Quand le psychologue vacille : face au vide que personne ne voit
Quand le psychologue vacille : face au vide que personne ne voit

Quand le psychologue vacille : face au vide que personne ne voit

Et si celui censé guérir les autres n’arrivait plus à se soigner lui-même ?

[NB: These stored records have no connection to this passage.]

lemma legendre_log_laplace_scaleR_mono:
  assumes N: "is_prob_on_borel N" and even: "\<And>y. laplace N (-y) = laplace N y"
    and "0 < \<beta>'" "\<beta>' \<le> \<beta>"
  shows "legendre_log_laplace N (x /\<^sub>R \<beta>) \<le> legendre_log_laplace N (x /\<^sub>R \<beta>')"
  unfolding legendre_log_laplace_def
proof (rule SUP_least)
  fix y
  define t where "t = \<beta>' / \<beta>"
  have "(x /\<^sub>R \<beta>) \<bullet> y = (x /\<^sub>R \<beta>') \<bullet> (t *\<^sub>R y)"
    using assms by (simp add: t_def field_simps)
  moreover have "log_laplace N (t *\<^sub>R y) \<le> log_laplace N y"
    unfolding log_laplace_eq_ln_laplace using assms
    by (intro ln_ennreal_mono laplace_nonzero laplace_even_scaleR_le) (auto simp: t_def)
  ultimately have "ereal ((x /\<^sub>R \<beta>) \<bullet> y) - log_laplace N y
      \<le> ereal ((x /\<^sub>R \<beta>') \<bullet> (t *\<^sub>R y)) - log_laplace N (t *\<^sub>R y)"
    by (intro ereal_minus_mono) auto
  also have "\<dots> \<le> (SUP y. ereal ((x /\<^sub>R \<beta>') \<bullet> y) - log_laplace N y)"
    by (rule SUP_upper) auto
  finally show "ereal ((x /\<^sub>R \<beta>) \<bullet> y) - log_laplace N y
      \<le> (SUP y. ereal ((x /\<^sub>R \<beta>') \<bullet> y) - log_laplace N y)" .
qed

Ce matin-là, tout a basculé. Un rêve lancinant, une sueur glacée, un cri intérieur étouffé. Face au miroir, je ne voyais plus qu’un homme fissuré, prisonnier d’une façade solide. Diplômé en psychologie, avec un bon métier, une belle maison, de l’argent et toutes les apparences du bonheur, je pensais avoir conquis la paix. Mais je me trompais.

Sous le vernis d’une vie réussie, le vide grandissait. Un vide ancien, enraciné dans l’indifférence parentale, nourri par l’illusion de l’amour, masqué par les réussites sociales. J’ai cru qu’écouter les blessures des autres m’aiderait à guérir les miennes. Mais le silence de mes propres démons a fini par hurler.

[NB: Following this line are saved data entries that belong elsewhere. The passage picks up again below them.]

lemma dtop_nbhd_contains_tail_subgroup:
  assumes "openin dtop U" and "\<one>\<^bsub>dsum\<^esub> \<in> U"
  shows "\<exists>n. tail_subgroup n \<subseteq> U"
proof -
  obtain V where V: "openin ptop V" "U = V \<inter> carrier dsum"
    using assms(1) by (auto simp: openin_subtopology)
  obtain n where n: "\<forall>y \<in> topspace ptop. (\<forall>i<n. y i = \<one>\<^bsub>dsum\<^esub> i) \<longrightarrow> y \<in> V"
    using product_nbhd_contains_cylinder[OF V(1)] V(2) assms(2) by blast
  have "tail_subgroup n \<subseteq> U"
    using n V(2) by (auto simp: tail_subgroup_def carrier_dsum PiE_UNIV_domain)
  thus ?thesis by blast
qed

lemma tail_subgroup_is_subgroup: "subgroup (tail_subgroup n) dsum"
proof (rule group.subgroupI[OF group_dsum])
  show "tail_subgroup n \<subseteq> carrier dsum" by (auto simp: tail_subgroup_def)
  show "tail_subgroup n \<noteq> {}"
    using monoid.one_closed[OF group.is_monoid[OF group_dsum]]
    by (auto simp: tail_subgroup_def one_dsum)
next
  fix x y assume x: "x \<in> tail_subgroup n" and y: "y \<in> tail_subgroup n"
  show "inv\<^bsub>dsum\<^esub> x \<in> tail_subgroup n"
    using x group.inv_closed[OF group_dsum, of x]
    by (auto simp: tail_subgroup_def inv_dsum monoid.inv_one[OF group.is_monoid[OF group_factor]])
  show "x \<otimes>\<^bsub>dsum\<^esub> y \<in> tail_subgroup n"
    using x y monoid.m_closed[OF group.is_monoid[OF group_dsum], of x y]
    by (auto simp: tail_subgroup_def mult_dsum
        monoid.l_one[OF group.is_monoid[OF group_factor]] one_factor_closed)
qed

lemma tail_subgroup_nontrivial:
  assumes "carrier (D n) \<noteq> {\<one>\<^bsub>D n\<^esub>}"
  shows "tail_subgroup n \<noteq> {\<one>\<^bsub>dsum\<^esub>}"
proof -
  obtain a where a: "a \<in> carrier (D n)" "a \<noteq> \<one>\<^bsub>D n\<^esub>"
    using assms one_factor_closed by blast
  define x where "x = (\<lambda>i. if i = n then a else \<one>\<^bsub>D i\<^esub>)"
  have "finite {i. x i \<noteq> \<one>\<^bsub>D i\<^esub>}"
    by (rule finite_subset[of _ "{n}"]) (auto simp: x_def)
  hence "x \<in> tail_subgroup n"
    using a one_factor_closed by (auto simp: tail_subgroup_def carrier_dsum x_def)
  moreover have "x \<noteq> \<one>\<^bsub>dsum\<^esub>" using a by (auto simp: one_dsum x_def fun_eq_iff)
  ultimately show ?thesis by blast
qed

definition head_part :: "nat \<Rightarrow> (nat \<Rightarrow> 'c) set" where
  "head_part n = {x \<in> carrier dsum. \<forall>i\<ge>n. x i = \<one>\<^bsub>D i\<^esub>}"

lemma head_part_finite:
  assumes "\<And>i. finite (carrier (D i))"
  shows "finite (head_part n)"
proof (rule inj_on_finite)
  show "inj_on (\<lambda>x. restrict x {..<n}) (head_part n)"
  proof (rule inj_onI, rule ext)
    fix x y i
    assume x: "x \<in> head_part n" and y: "y \<in> head_part n"
      and eq: "restrict x {..<n} = restrict y {..<n}"
    show "x i = y i"
    proof (cases "i < n")
      case True thus ?thesis using fun_cong[OF eq, of i] by simp
    qed (use x y in \<open>auto simp: head_part_def\<close>)
  qed
  show "(\<lambda>x. restrict x {..<n}) ` head_part n \<subseteq> Pi\<^sub>E {..<n} (\<lambda>i. carrier (D i))"
  proof (rule image_subsetI)
    fix x assume "x \<in> head_part n"
    thus "restrict x {..<n} \<in> Pi\<^sub>E {..<n} (\<lambda>i. carrier (D i))"
      by (auto simp: head_part_def carrier_dsum)
  qed
  show "finite (Pi\<^sub>E {..<n} (\<lambda>i. carrier (D i)))"
    using assms by (intro finite_PiE) auto
qed

lemma carrier_dsum_Union_head_parts: "carrier dsum = (\<Union>n. head_part n)"
proof
  show "carrier dsum \<subseteq> (\<Union>n. head_part n)"
  proof
    fix y assume y: "y \<in> carrier dsum"
    hence "finite {i. y i \<noteq> \<one>\<^bsub>D i\<^esub>}" by (simp add: carrier_dsum)
    then obtain n where "{i. y i \<noteq> \<one>\<^bsub>D i\<^esub>} \<subseteq> {..<n}"
      using finite_nat_bounded by blast
    hence "y \<in> head_part n" using y by (force simp: head_part_def)
    thus "y \<in> (\<Union>n. head_part n)" by blast
  qed
qed (auto simp: head_part_def)

lemma countable_dsum:
  assumes "\<And>i. finite (carrier (D i))"
  shows "countable (carrier dsum)"
  unfolding carrier_dsum_Union_head_parts
  using head_part_finite[OF assms] by (auto intro: countable_finite)

lemma metrizable_dtop: "metrizable_space dtop"
proof (rule metrizable_space_subtopology, rule metrizable_topology_D)
  have "(\<lambda>i. \<one>\<^bsub>D i\<^esub>) \<in> topspace ptop" using one_factor_closed by (simp add: PiE_UNIV_domain)
  thus "topspace ptop \<noteq> {}" by blast
qed auto

lemma comm_group_dsum:
  assumes "\<And>i. comm_group (D i)"
  shows "comm_group dsum"
  by (rule group.group_comm_groupI[OF group_dsum])
     (use comm_group.axioms(1)[OF assms] in \<open>auto simp: mult_dsum carrier_dsum fun_eq_iff comm_monoid.m_comm\<close>)

lemma not_NSS_dsum:
  assumes "\<And>i. carrier (D i) \<noteq> {\<one>\<^bsub>D i\<^esub>}"
  shows "\<not> NSS dsum dtop"
  unfolding NSS_def
proof clarify
  fix U assume U: "openin dtop U" "\<one>\<^bsub>dsum\<^esub> \<in> U"
    and small: "\<forall>K. subgroup K dsum \<and> K \<subseteq> U \<longrightarrow> K = {\<one>\<^bsub>dsum\<^esub>}"
  obtain n where "tail_subgroup n \<subseteq> U"
    using dtop_nbhd_contains_tail_subgroup[OF U] by blast
  hence "tail_subgroup n = {\<one>\<^bsub>dsum\<^esub>}" using small tail_subgroup_is_subgroup by blast
  thus False using tail_subgroup_nontrivial assms by blast
qed

(* Finitely many translates of a neighbourhood of the identity cover the group: every
   element is a head part times an element of a tail subgroup. *)
lemma precompact_dsum:
  assumes "\<And>i. finite (carrier (D i))"
  shows "precompact_group dsum dtop"
  unfolding precompact_group_def
proof clarify
  fix U assume U: "openin dtop U" "\<one>\<^bsub>dsum\<^esub> \<in> U"
  obtain n where n: "tail_subgroup n \<subseteq> U"
    using dtop_nbhd_contains_tail_subgroup[OF U] by blast
  have "carrier dsum \<subseteq> (\<Union>x\<in>head_part n. x <#\<^bsub>dsum\<^esub> U)"
  proof
    fix y assume y: "y \<in> carrier dsum"
    define h where "h = (\<lambda>i. if i < n then y i else \<one>\<^bsub>D i\<^esub>)"
    define t where "t = (\<lambda>i. if \<not> i < n then y i else \<one>\<^bsub>D i\<^esub>)"
    have "h \<in> head_part n" using mask_in_dsum[OF y] by (auto simp: head_part_def h_def)
    moreover have "t \<in> U" using mask_in_dsum[OF y] n by (auto simp: tail_subgroup_def t_def)
    moreover have "y = h \<otimes>\<^bsub>dsum\<^esub> t"
      using y by (auto simp: mult_dsum fun_eq_iff h_def t_def carrier_dsum
          group.is_monoid[OF group_factor])
    ultimately show "y \<in> (\<Union>x\<in>head_part n. x <#\<^bsub>dsum\<^esub> U)" by (auto simp: l_coset_def)
  qed
  moreover have "head_part n \<subseteq> carrier dsum" by (auto simp: head_part_def)
  ultimately show "\<exists>F. finite F \<and> F \<subseteq> carrier dsum \<and> carrier dsum \<subseteq> (\<Union>x\<in>F. x <#\<^bsub>dsum\<^esub> U)"
    using head_part_finite[OF assms] by blast
qed

lemma continuous_map_coordinate:
  "continuous_map dtop (discrete_topology (carrier (D k))) (\<lambda>x. x k)"
  by (rule continuous_map_from_subtopology[OF continuous_map_product_projection]) simp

Ce texte n’est pas une confession. C’est une prise de conscience. Un cri d’alerte. Il faut que je retrouve ma santé mentale. Il faut que je fasse quelque chose. J’en peux plus.

Par Dieudonné Kayossi Kodukpè Abilé


Soudain, je me réveillai en sursaut. J’étais trempé de sueur. Encore ce rêve. Ce rêve qui me consume. Ce rêve qui me détruit de l’intérieur. Qu’est-ce que j’ai fait ?

Tout doucement, je me levai du lit et gagnai la salle de bain. J’ouvris le robinet du lavabo. L’eau se mit à couler, mais je n’y prêtais pas attention. Je m’arrêtai un instant, les yeux fixés sur le miroir, comme si la réponse que je cherchais était là, juste là, derrière mon reflet.

Je me regardai. Je me dévisageai. Comme si j’étais un monstre. Comme si, depuis ma naissance, je n’avais jamais été satisfait de moi-même. Le bruit de l’eau qui coulait rythmait avec les battements rapides de mon cœur. Je restai là, face à moi-même, à me scruter encore et encore, sans bouger.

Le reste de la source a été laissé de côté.